Michael Fassbender in Alien: Covenant. Photo Credit: Twentieth Century Fox Film Corporation.

But Covenant is so much more than an Alien film, and that is for better and for worse.

For starters, the film’s second act focuses the Frankenstein-like creation complex of Michael Fassbender’s David, the mysterious android who returns from Prometheus. Fassbender plays the role of two different versions of the same robot and rides the line of thoughtful human and rigid machine to perfection. However, his performance is often overshadowed by what is without a doubt the strangest plot line in the Alien franchise, which involves David’s quest for perfection in creation and a bizarre, Fassbender-on-Fassbender erotica scene that is even stranger than it reads on paper.

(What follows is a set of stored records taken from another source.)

lemma cong2_reduce_mod:
  assumes "lead_coeff D = 1"
  shows "[p = reduce_mod m D p] (mod [:m:], D)"
proof -
  obtain q where q: "p = D * q + pseudo_mod p D" using pseudo_mod_monic[OF assms] .
  have "pseudo_mod p D - reduce_mod m D p = [:m:] * map_poly (\<lambda>c. c div m) (pseudo_mod p D)"
    by (rule poly_eqI) (simp add: reduce_mod_def coeff_map_poly minus_mod_eq_mult_div)
  then have "p - reduce_mod m D p = [:m:] * map_poly (\<lambda>c. c div m) (pseudo_mod p D) + D * q"
    by (subst q) (simp add: algebra_simps)
  then show ?thesis by (rule cong2I)
qed

lemma cong2_if_reduce_mod_eq:
  assumes "lead_coeff D = 1" "reduce_mod m D p = reduce_mod m D q"
  shows "[p = q] (mod [:m:], D)"
proof -
  have "[p = reduce_mod m D q] (mod [:m:], D)"
    using cong2_reduce_mod[OF assms(1), of p m] unfolding assms(2) .
  then show ?thesis by (rule cong2_trans[OF _ cong2_sym[OF cong2_reduce_mod[OF assms(1)]]])
qed

lemma cong2_power_two_power:
  assumes "lead_coeff D = 1"
  shows "[p ^ 2 ^ n = ((\<lambda>q. reduce_mod m D (q ^ 2)) ^^ n) p] (mod [:m:], D)"
proof (induction n)
  case 0
  show ?case by (simp add: cong2_refl)
next
  case (Suc n)
  let ?q = "((\<lambda>q. reduce_mod m D (q ^ 2)) ^^ n) p"
  have "p ^ 2 ^ Suc n = (p ^ 2 ^ n) ^ 2" by (simp add: power_mult[symmetric] mult.commute)
  then have "[p ^ 2 ^ Suc n = ?q ^ 2] (mod [:m:], D)"
    using cong2_mult[OF Suc.IH Suc.IH] by (simp only: power2_eq_square)
  then show ?case using cong2_trans[OF _ cong2_reduce_mod[OF assms]] by simp
qed

definition coeff_pairing :: "(nat \<Rightarrow> 'a) \<Rightarrow> 'a::comm_semiring_0 poly \<Rightarrow> 'a" where
  "coeff_pairing f p = (\<Sum>m\<le>degree p. f m * coeff p m)"

lemma coeff_pairing_eq_sum:
  assumes "degree p < n"
  shows "coeff_pairing f p = (\<Sum>m<n. f m * coeff p m)"
  unfolding coeff_pairing_def
  by (rule sum.mono_neutral_left) (use assms in \<open>auto simp: coeff_eq_0\<close>)

lemma coeff_pairing_add: "coeff_pairing f (p + q) = coeff_pairing f p + coeff_pairing f q"
proof -
  define n where "n = Suc (max (degree p) (degree q))"
  have "degree (p + q) < n" "degree p < n" "degree q < n"
    unfolding n_def using degree_add_le_max[of p q] by auto
  then show ?thesis by (simp add: coeff_pairing_eq_sum distrib_left sum.distrib)
qed

lemma coeff_pairing_smult: "coeff_pairing f (smult c p) = c * coeff_pairing f p"
proof -
  have "degree (smult c p) < Suc (degree p)" "degree p < Suc (degree p)"
    using degree_smult_le[of c p] by auto
  then show ?thesis
    by (simp add: coeff_pairing_eq_sum[of _ "Suc (degree p)"] sum_distrib_left mult.left_commute
        del: sum.lessThan_Suc)
qed

lemma coeff_pairing_monom_mult:
  fixes f :: "nat \<Rightarrow> 'a::comm_semiring_1"
  shows "coeff_pairing f (monom 1 k * p) = coeff_pairing (\<lambda>m. f (m + k)) p"
proof -
  have shift: "(\<Sum>m<n + k. f m * coeff (monom 1 k * p) m) = (\<Sum>j<n. f (j + k) * coeff p j)" for n
    by (induction n) (simp_all add: coeff_monom_mult add.commute)
  have "degree (monom 1 k * p) < Suc (degree p) + k"
    using degree_mult_le[of "monom 1 k" p] degree_monom_le[of "1::'a" k] by linarith
  then have "coeff_pairing f (monom 1 k * p) = (\<Sum>j<Suc (degree p). f (j + k) * coeff p j)"
    by (simp only: coeff_pairing_eq_sum shift)
  also have "\<dots> = coeff_pairing (\<lambda>m. f (m + k)) p"
    by (simp only: coeff_pairing_eq_sum[symmetric] lessI)
  finally show ?thesis .
qed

Scott’s previously noted ambition is on full display in the film’s middle portion, which plays much more as a sequel to Prometheus than a prequel to Alien. His ideas of human existentialism are often so grand in scope that they cannot help but come off angsty instead of profound, and ultimately leave behind more questions than answers. This should honestly be expected in some sense because the questions Scott is asking leave no room for any sort of tangible explanation, and at its best Covenant challenges the audience to draw their own conclusions on the films true meaning.

Katherine Waterston in Alien: Covenant. Photo Credit: Twentieth Century Fox Film Corporation.

However, because most expect movies to function as stand-alone stories, all of the loose plot threads and challenging ideas of Covenant can make the story feel incomplete and lacking in structure, which often damages the grand intent of Scott’s ambitions—whatever they may be. Like Prometheus before it, Covenant‘s more fascinating and stranger instincts can cause the movie to feel intangible, yet are probably loaded with so many easter eggs and mundane details that they are truly meant for the obsessed Reddit user rather than the casual moviegoer. It is a fascinating dilemma that much of entertainment faces in the Internet Age, but Scott’s ambitions are something that most will only be able to admire from a distance instead of taking the time to fully appreciate.

Ultimately, Alien: Covenant is a balancing act between classic blockbuster and ambitious world builder, which feels representative of a generational gap in what to expect from entertainment today. It is a fascinating case study of a detail-oriented director with full freedom to experiment as he pleases, and is, at the very least, always intriguing in its scope and ambition. Unfortunately, that same scope usually results in a mess.